“There was a time when headpieces for bridesmaids represented millions in revenue for manufacturers and retailers. Bridal magazine editors decided that they didn’t like showing bridesmaid headpieces. No one controlled them. No one forced them to do what they didn’t want to do. Web sites and bloggers followed the information promoted by the print “experts.” Bridesmaid headpiece sales declined year after year after year. If you walk through NY Market this season, you’ll be hard pressed to find a single bridesmaid headpiece — not even one.
Seven years ago, almost every bride who wore a bridal gown also wore a headpiece or veil. The number has dropped to below 80% today. It isn’t just that Brides Magazine isn’t showing veils and headpieces, web sites and bloggers follow their lead. Sales are declining every year and will continue to decline without advice from someone.
Magazines,web sites, and bloggers all agree that you no longer have to wear a tuxedo if your bride is wearing a formal gown. Manufacturers and rental specialists exacerbate the problem with their own brand of stupidity. Eventually, rental tuxedos will be almost extinct,” according to Duhe.
The news is alarming to small business owners who rely on tuxedo rentals to sustain their families. Many say they’ve spent a lifetime to grow their business and service their market. But since the end of American manufacturing companies like after six and Lord West and ongoing consolidation and production shift to China and the growth of big box operators like Men’s Wearhouse, independent stores who still make up a significant part of the market, struggle to survive.

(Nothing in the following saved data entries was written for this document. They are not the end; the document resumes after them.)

(* Let $G$ be a finite digraph without sources that has a good quasi-kernel. Then $G$ has a quasi-kernel with at most $|V(G)|/2$ vertices.
   Context: Digraphs are finite, without loops and without multiple edges in the same direction; anti-parallel edges are allowed. For $V'\subseteq V(G)$, $\Gamma^+(V')$ is the set of out-neighbours of vertices of $V'$, $\Gamma^+_2(V')=V'\cup\Gamma^+(V')\cup\Gamma^+(\Gamma^+(V'))$. A source is a vertex of in-degree $0$. A quasi-kernel is an independent set $Q$ with $\Gamma^+_2(Q)=V(G)$. A quasi-kernel $Q$ is good if $Q\subseteq\Gamma^+(\Gamma^+(Q))$. *)

theory Defs
  imports Main
begin

definition digraph :: "'a set \<Rightarrow> ('a \<times> 'a) set \<Rightarrow> bool" where
  "digraph V E \<longleftrightarrow> E \<subseteq> V \<times> V \<and> (\<forall>v. (v, v) \<notin> E)"

definition out_nbrs :: "('a \<times> 'a) set \<Rightarrow> 'a set \<Rightarrow> 'a set" where
  "out_nbrs E S = {w. \<exists>v\<in>S. (v, w) \<in> E}"

definition out_nbrs2 :: "('a \<times> 'a) set \<Rightarrow> 'a set \<Rightarrow> 'a set" where
  "out_nbrs2 E S = S \<union> out_nbrs E S \<union> out_nbrs E (out_nbrs E S)"

definition is_source :: "'a set \<Rightarrow> ('a \<times> 'a) set \<Rightarrow> 'a \<Rightarrow> bool" where
  "is_source V E v \<longleftrightarrow> v \<in> V \<and> (\<forall>u\<in>V. (u, v) \<notin> E)"

definition independent :: "('a \<times> 'a) set \<Rightarrow> 'a set \<Rightarrow> bool" where
  "independent E S \<longleftrightarrow> (\<forall>u\<in>S. \<forall>v\<in>S. (u, v) \<notin> E)"

definition quasi_kernel :: "'a set \<Rightarrow> ('a \<times> 'a) set \<Rightarrow> 'a set \<Rightarrow> bool" where
  "quasi_kernel V E Q \<longleftrightarrow> Q \<subseteq> V \<and> independent E Q \<and> out_nbrs2 E Q = V"

definition good_quasi_kernel :: "'a set \<Rightarrow> ('a \<times> 'a) set \<Rightarrow> 'a set \<Rightarrow> bool" where
  "good_quasi_kernel V E Q \<longleftrightarrow> quasi_kernel V E Q \<and> Q \<subseteq> out_nbrs E (out_nbrs E Q)"

end

theory Submission
  imports Defs
begin

text \<open>Let \<open>Q\<close> be a good quasi-kernel and \<open>S \<subseteq> Q\<close> minimal with \<open>\<Gamma>\<^sup>+(S) = \<Gamma>\<^sup>+(Q)\<close>.
  Goodness gives \<open>Q \<subseteq> \<Gamma>\<^sup>+(\<Gamma>\<^sup>+(S))\<close>, so \<open>S\<close> is again a quasi-kernel. By minimality every
  vertex of \<open>S\<close> has a private out-neighbour, so \<open>|S| \<le> |\<Gamma>\<^sup>+(Q)| \<le> |V| - |Q|\<close>, the last step
  because \<open>\<Gamma>\<^sup>+(Q)\<close> misses the independent set \<open>Q\<close>. Hence \<open>Q\<close> or \<open>S\<close> has at most \<open>|V|/2\<close>
  vertices.\<close>

lemma out_nbrs_mono: "A \<subseteq> B \<Longrightarrow> out_nbrs E A \<subseteq> out_nbrs E B"
  unfolding out_nbrs_def by blast

lemma out_nbrs_subset: "digraph V E \<Longrightarrow> out_nbrs E S \<subseteq> V"
  unfolding digraph_def out_nbrs_def by blast

lemma out_nbrs_disjoint_if_independent: "independent E Q \<Longrightarrow> out_nbrs E Q \<inter> Q = {}"
  unfolding independent_def out_nbrs_def by blast

lemma card_le_card_out_nbrs_if_irredundant:
  assumes "finite (out_nbrs E S)"
    and irredundant: "\<And>q. q \<in> S \<Longrightarrow> out_nbrs E (S - {q}) \<noteq> out_nbrs E S"
  shows "card S \<le> card (out_nbrs E S)"
proof -
  have "\<exists>w. (q, w) \<in> E \<and> w \<notin> out_nbrs E (S - {q})" if "q \<in> S" for q
    using irredundant[OF that] out_nbrs_mono[of "S - {q}" S E] that
    unfolding out_nbrs_def by blast
  then obtain p where p: "\<And>q. q \<in> S \<Longrightarrow> (q, p q) \<in> E \<and> p q \<notin> out_nbrs E (S - {q})"
    by metis
  have "inj_on p S"
  proof (rule inj_onI, rule ccontr)
    fix x y assume "x \<in> S" "y \<in> S" "p x = p y" "x \<noteq> y"
    then have "p x \<in> out_nbrs E (S - {y})"
      using p[of x] unfolding out_nbrs_def by blast
    with p[of y] \<open>y \<in> S\<close> \<open>p x = p y\<close> show False by simp
  qed
  moreover have "p ` S \<subseteq> out_nbrs E S"
    using p unfolding out_nbrs_def by blast
  ultimately show ?thesis
    using card_inj_on_le assms(1) by blast
qed

lemma exists_irredundant_subset_same_out_nbrs:
  assumes "finite Q"
  obtains S where "S \<subseteq> Q" "out_nbrs E S = out_nbrs E Q"
    "\<And>q. q \<in> S \<Longrightarrow> out_nbrs E (S - {q}) \<noteq> out_nbrs E S"
proof -
  let ?P = "\<lambda>S. S \<subseteq> Q \<and> out_nbrs E S = out_nbrs E Q"
  obtain S where S: "?P S" and min: "\<And>T. ?P T \<Longrightarrow> card S \<le> card T"
    using ex_has_least_nat[of ?P Q card] by blast
  have "out_nbrs E (S - {q}) \<noteq> out_nbrs E S" if "q \<in> S" for q
  proof
    assume "out_nbrs E (S - {q}) = out_nbrs E S"
    then have "card S \<le> card (S - {q})" using min S by blast
    moreover have "finite S" using S assms finite_subset by blast
    ultimately show False using card_Diff1_less[of S q] that by simp
  qed
  with S show thesis using that by blast
qed

lemma quasi_kernel_if_same_out_nbrs:
  assumes "digraph V E" "good_quasi_kernel V E Q"
    and "S \<subseteq> Q" "out_nbrs E S = out_nbrs E Q"
  shows "quasi_kernel V E S"
proof -
  have "Q \<subseteq> V" "independent E Q" "out_nbrs2 E Q = V"
    and good: "Q \<subseteq> out_nbrs E (out_nbrs E Q)"
    using assms(2) unfolding good_quasi_kernel_def quasi_kernel_def by auto
  then have "out_nbrs2 E S = V"
    using assms(3,4) out_nbrs_subset[OF assms(1)] unfolding out_nbrs2_def by auto
  moreover have "independent E S"
    using \<open>independent E Q\<close> assms(3) unfolding independent_def by blast
  ultimately show ?thesis
    using assms(3) \<open>Q \<subseteq> V\<close> unfolding quasi_kernel_def by blast
qed

lemma card_out_nbrs_quasi_kernel:
  assumes "finite V" "digraph V E" "quasi_kernel V E Q"
  shows "card (out_nbrs E Q) \<le> card V - card Q"
proof -
  have "Q \<subseteq> V" "out_nbrs E Q \<subseteq> V - Q"
    using assms(3) out_nbrs_subset[OF assms(2)] out_nbrs_disjoint_if_independent[of E Q]
    unfolding quasi_kernel_def by blast+
  then show ?thesis
    using assms(1) card_mono[of "V - Q"] card_Diff_subset[of Q V] finite_subset by fastforce
qed

theorem mainTheorem3:
  fixes V :: "'a set" and E :: "('a \<times> 'a) set"
  assumes "finite V"
    and "digraph V E"
    and "\<forall>v\<in>V. \<not> is_source V E v"
    and "\<exists>Q. good_quasi_kernel V E Q"
  shows "\<exists>Q. quasi_kernel V E Q \<and> 2 * card Q \<le> card V"
proof -
  obtain Q where good: "good_quasi_kernel V E Q" using assms(4) by blast
  then have qk: "quasi_kernel V E Q" unfolding good_quasi_kernel_def by blast
  then have "finite Q" using assms(1) finite_subset unfolding quasi_kernel_def by blast
  then obtain S where S: "S \<subseteq> Q" "out_nbrs E S = out_nbrs E Q"
    and irredundant: "\<And>q. q \<in> S \<Longrightarrow> out_nbrs E (S - {q}) \<noteq> out_nbrs E S"
    using exists_irredundant_subset_same_out_nbrs by blast
  have "finite (out_nbrs E S)"
    using out_nbrs_subset[OF assms(2)] assms(1) finite_subset by blast
  then have "card S \<le> card V - card Q"
    using card_le_card_out_nbrs_if_irredundant[OF _ irredundant]
      card_out_nbrs_quasi_kernel[OF assms(1,2) qk] S(2) by simp
  moreover have "quasi_kernel V E S"
    using quasi_kernel_if_same_out_nbrs[OF assms(2) good S] .
  ultimately show ?thesis
    using qk by (cases "2 * card Q \<le> card V") auto
qed

end
lemma wp_nonneg:
  assumes "0 < g"
  shows "0 \<le> wp \<alpha> \<beta> \<kappa> g \<eta>"
proof -
  have "0 \<le> wp \<alpha> \<beta> \<kappa> g \<eta> * g"
    using opt_snr_nonneg wp_times_gain[OF kappa_pos assms] by simp
  thus ?thesis using assms by (simp add: zero_le_mult_iff)
qed

lemma saturated_first_piece: "\<alpha> < \<kappa> * u \<Longrightarrow> 1 + \<alpha> < u"
  using slope_drop kappa_pos by (smt (verit) mult_less_cancel_left_pos)

text \<open>A closed form of the achieved rate from which continuity in u is evident.\<close>
lemma Iref_opt_snr_closed_form:
  "Iref \<alpha> \<beta> \<kappa> a (opt_snr \<alpha> \<beta> \<kappa> u) =
     log 2 (max 1 (min u (1 + \<alpha>))) + \<kappa> * log 2 (min \<beta> (max \<alpha> (\<kappa> * u))) + a - log 2 (1 + \<alpha>)"
proof (cases "\<alpha> < \<kappa> * u")
  case True
  thus ?thesis using saturated_first_piece[OF True] alpha_pos alpha_less_beta
    by (simp add: opt_snr_def Iref_def)
next
  case False
  thus ?thesis using alpha_pos alpha_less_beta continuity by (simp add: opt_snr_def Iref_def)
qed

lemma continuous_sum_rate:
  "continuous_on UNIV (\<lambda>\<eta>. \<Sum>b<B. Iref \<alpha> \<beta> \<kappa> a (opt_snr \<alpha> \<beta> \<kappa> (\<eta> * \<gamma> b)))"
  unfolding Iref_opt_snr_closed_form using alpha_pos alpha_less_beta
  by (intro continuous_intros) (auto simp: min_def max_def)

lemma water_level_exists:
  assumes gains: "\<forall>b<B. 0 < \<gamma> b" and "0 \<le> R" "R \<le> \<kappa> * log 2 \<beta> + a"
  shows "\<exists>\<eta>. (\<Sum>b<B. Iref \<alpha> \<beta> \<kappa> a (wp \<alpha> \<beta> \<kappa> (\<gamma> b) \<eta> * \<gamma> b)) = real B * R"
proof -
  define F where "F \<eta> = (\<Sum>b<B. Iref \<alpha> \<beta> \<kappa> a (opt_snr \<alpha> \<beta> \<kappa> (\<eta> * \<gamma> b)))" for \<eta>
  define M where "M = (\<beta> / \<kappa>) * (\<Sum>b<B. 1 / \<gamma> b)"
  have M_nonneg: "0 \<le> M"
    unfolding M_def using alpha_pos alpha_less_beta kappa_pos gains
    by (intro mult_nonneg_nonneg sum_nonneg) (auto intro: less_imp_le)
  have saturated: "\<beta> \<le> \<kappa> * (M * \<gamma> b)" if b: "b < B" for b
  proof -
    have "1 / \<gamma> b \<le> (\<Sum>c<B. 1 / \<gamma> c)"
      using b gains by (intro member_le_sum) (auto intro: less_imp_le)
    hence "(\<beta> / \<kappa>) * (1 / \<gamma> b) \<le> M"
      unfolding M_def using alpha_pos alpha_less_beta kappa_pos by (intro mult_left_mono) auto
    thus ?thesis using gains b kappa_pos by (simp add: field_simps)
  qed
  have "F 0 = 0" unfolding F_def using alpha_pos alpha_less_beta by (simp add: opt_snr_def Iref_def)
  moreover have "F M = real B * (\<kappa> * log 2 \<beta> + a)"
    unfolding F_def using saturated alpha_less_beta by (simp add: opt_snr_def Iref_def)
  ultimately have "F 0 \<le> real B * R" "real B * R \<le> F M"
    using assms by (simp_all add: mult_left_mono)
  then obtain \<eta> where "F \<eta> = real B * R"
    using IVT'[of F 0 "real B * R" M] M_nonneg
      continuous_on_subset[OF continuous_sum_rate[where B = B and \<gamma> = \<gamma>, folded F_def]] by auto
  moreover have "F \<eta> = (\<Sum>b<B. Iref \<alpha> \<beta> \<kappa> a (wp \<alpha> \<beta> \<kappa> (\<gamma> b) \<eta> * \<gamma> b))"
    unfolding F_def using wp_times_gain[OF kappa_pos] gains by (intro sum.cong) auto
  ultimately show ?thesis by auto
qed

text \<open>A water level meeting a positive target rate is positive: at \<eta> \<le> 0 no power is spent.\<close>
lemma water_level_pos:
  assumes gains: "\<forall>b<B. 0 < \<gamma> b" and "0 < B" "0 < R"
    and level: "(\<Sum>b<B. Iref \<alpha> \<beta> \<kappa> a (wp \<alpha> \<beta> \<kappa> (\<gamma> b) \<eta> * \<gamma> b)) = real B * R"
  shows "0 < \<eta>"
proof (rule ccontr)
  assume "\<not> 0 < \<eta>"
  have no_snr: "wp \<alpha> \<beta> \<kappa> (\<gamma> b) \<eta> * \<gamma> b = 0" if "b < B" for b
  proof -
    have "\<eta> * \<gamma> b \<le> 0"
      using mult_nonpos_nonneg[of \<eta> "\<gamma> b"] \<open>\<not> 0 < \<eta>\<close> gains that by force
    moreover from this have "\<kappa> * (\<eta> * \<gamma> b) \<le> 0" using kappa_pos by (simp add: mult_nonneg_nonpos)
    ultimately have "opt_snr \<alpha> \<beta> \<kappa> (\<eta> * \<gamma> b) = 0"
      using alpha_pos alpha_less_beta by (simp add: opt_snr_def)
    thus ?thesis using wp_times_gain[OF kappa_pos] gains that by simp
  qed
  have "(\<Sum>b<B. Iref \<alpha> \<beta> \<kappa> a (wp \<alpha> \<beta> \<kappa> (\<gamma> b) \<eta> * \<gamma> b)) = 0"
  proof (rule sum.neutral, intro ballI)
    fix b assume "b \<in> {..<B}"
    hence "wp \<alpha> \<beta> \<kappa> (\<gamma> b) \<eta> * \<gamma> b = 0" using no_snr by simp
    thus "Iref \<alpha> \<beta> \<kappa> a (wp \<alpha> \<beta> \<kappa> (\<gamma> b) \<eta> * \<gamma> b) = 0"
      using alpha_pos by (simp only:) (simp add: Iref_def)
  qed
  thus False using level assms by simp
qed

text \<open>Summing the blockwise Lagrangian bound: at a positive water level meeting the rate
  target, wp uses no more total power than any allocation achieving at least that rate.\<close>
lemma wp_minimal_power:
  assumes gains: "\<forall>b<B. 0 < \<gamma> b" and "0 < \<eta>" and p_nonneg: "\<forall>b<B. 0 \<le> p b"
    and level: "(\<Sum>b<B. Iref \<alpha> \<beta> \<kappa> a (wp \<alpha> \<beta> \<kappa> (\<gamma> b) \<eta> * \<gamma> b)) = real B * R"
    and target: "real B * R \<le> (\<Sum>b<B. Iref \<alpha> \<beta> \<kappa> a (p b * \<gamma> b))"
  shows "(\<Sum>b<B. wp \<alpha> \<beta> \<kappa> (\<gamma> b) \<eta>) \<le> (\<Sum>b<B. p b)"
proof -
  let ?w = "\<lambda>b. wp \<alpha> \<beta> \<kappa> (\<gamma> b) \<eta>"
  have "(\<Sum>b<B. ?w b - \<eta> * rate (?w b * \<gamma> b)) \<le> (\<Sum>b<B. p b - \<eta> * rate (p b * \<gamma> b))"
    using wp_minimises_lagrangian assms by (intro sum_mono) auto
  hence "(\<Sum>b<B. ?w b) - \<eta> * ln 2 * (\<Sum>b<B. Iref \<alpha> \<beta> \<kappa> a (?w b * \<gamma> b))
      \<le> (\<Sum>b<B. p b) - \<eta> * ln 2 * (\<Sum>b<B. Iref \<alpha> \<beta> \<kappa> a (p b * \<gamma> b))"
    by (simp add: rate_def sum_subtractf sum_distrib_left mult.assoc)
  moreover have "\<eta> * ln 2 * (real B * R) \<le> \<eta> * ln 2 * (\<Sum>b<B. Iref \<alpha> \<beta> \<kappa> a (p b * \<gamma> b))"
    using target \<open>0 < \<eta>\<close> by (intro mult_left_mono) auto
  ultimately show ?thesis using level by simp
qed

end

theorem theorem8:
  fixes B :: nat and \<gamma> :: "nat \<Rightarrow> real" and \<alpha> \<beta> \<kappa> a R :: real
  assumes "B > 0"
    and "\<forall>b<B. \<gamma> b > 0"
    and "0 < \<alpha>" and "\<alpha> < \<beta>" and "\<kappa> > 0"
    and "\<kappa> * log 2 \<alpha> + a = log 2 (1 + \<alpha>)"
    and "\<kappa> * (1 + \<alpha>) \<le> \<alpha>"
    and "0 < R" and "R < \<kappa> * log 2 \<beta> + a"
  shows "(\<exists>\<eta>. (\<Sum>b<B. Iref \<alpha> \<beta> \<kappa> a (wp \<alpha> \<beta> \<kappa> (\<gamma> b) \<eta> * \<gamma> b)) = real B * R)
       \<and> (\<forall>\<eta>. (\<Sum>b<B. Iref \<alpha> \<beta> \<kappa> a (wp \<alpha> \<beta> \<kappa> (\<gamma> b) \<eta> * \<gamma> b)) = real B * R \<longrightarrow>
             feasible B \<gamma> \<alpha> \<beta> \<kappa> a R (\<lambda>b. wp \<alpha> \<beta> \<kappa> (\<gamma> b) \<eta>)
           \<and> (\<forall>p. feasible B \<gamma> \<alpha> \<beta> \<kappa> a R p \<longrightarrow>
                 (1 / real B) * (\<Sum>b<B. wp \<alpha> \<beta> \<kappa> (\<gamma> b) \<eta>) \<le> (1 / real B) * (\<Sum>b<B. p b)))"
proof -
  interpret refined_iref \<alpha> \<beta> \<kappa> a using assms by unfold_locales
  have B_pos: "0 < real B" using assms(1) by simp
  have optimal: "feasible B \<gamma> \<alpha> \<beta> \<kappa> a R (\<lambda>b. wp \<alpha> \<beta> \<kappa> (\<gamma> b) \<eta>)
      \<and> (\<forall>p. feasible B \<gamma> \<alpha> \<beta> \<kappa> a R p \<longrightarrow>
           (1 / real B) * (\<Sum>b<B. wp \<alpha> \<beta> \<kappa> (\<gamma> b) \<eta>) \<le> (1 / real B) * (\<Sum>b<B. p b))"
    if level: "(\<Sum>b<B. Iref \<alpha> \<beta> \<kappa> a (wp \<alpha> \<beta> \<kappa> (\<gamma> b) \<eta> * \<gamma> b)) = real B * R" for \<eta>
  proof -
    have "0 < \<eta>" using water_level_pos level assms by blast
    have "feasible B \<gamma> \<alpha> \<beta> \<kappa> a R (\<lambda>b. wp \<alpha> \<beta> \<kappa> (\<gamma> b) \<eta>)"
      unfolding feasible_def using wp_nonneg level B_pos assms(2) by simp
    moreover have "(\<Sum>b<B. wp \<alpha> \<beta> \<kappa> (\<gamma> b) \<eta>) \<le> (\<Sum>b<B. p b)"
      if "feasible B \<gamma> \<alpha> \<beta> \<kappa> a R p" for p
      using wp_minimal_power[OF assms(2) \<open>0 < \<eta>\<close> _ level] that B_pos
      unfolding feasible_def by (simp add: field_simps)
    ultimately show ?thesis using B_pos by (simp add: divide_right_mono)
  qed
  show ?thesis using water_level_exists[of B \<gamma> R] optimal assms by auto
qed

end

Traditional tuxedo users are finding the best stores in their area who update merchandise annually, provide excellent fittings and are able to quickly correct out-of-town measurements in a single visit. It’s doubtful whether the same customer will be able to fit themselves, have their event outfit arrive in a box and be satisfied with the results of online suppliers.
Duhe, an avid supporter of tuxedo rentals, feels the lack of advertising also affects the decline of editorial support by all media sources. Others who support the idea are members of the Wedding Water Cooler group, including Sheryl Davies who has helped plan weddings in the Canadian market for years. Recent discussions with Davies said the changes taking place in wedding planning shows a more relaxed approach, away from formality and towards a more casual set of rules, including the use of tuxedos.
The next wave of competition for renting tuxedos, including to Men’s Wearhouse who capture over 40% of brick and mortar rentals, is felt to come from online rentals, trying to deliver garments to the groom and his men in time for their wedding. Some online suppliers feel they’ll be able to sidestep the logistical challenges by delivering products way in advance, allowing end-users to have corrections made locally– through independently owned stores they’re competing with– in reality. The idea sounds good on paper but remains to be seen if it will actually work, especially among a more mature market who still support traditional weddings and black tie affairs.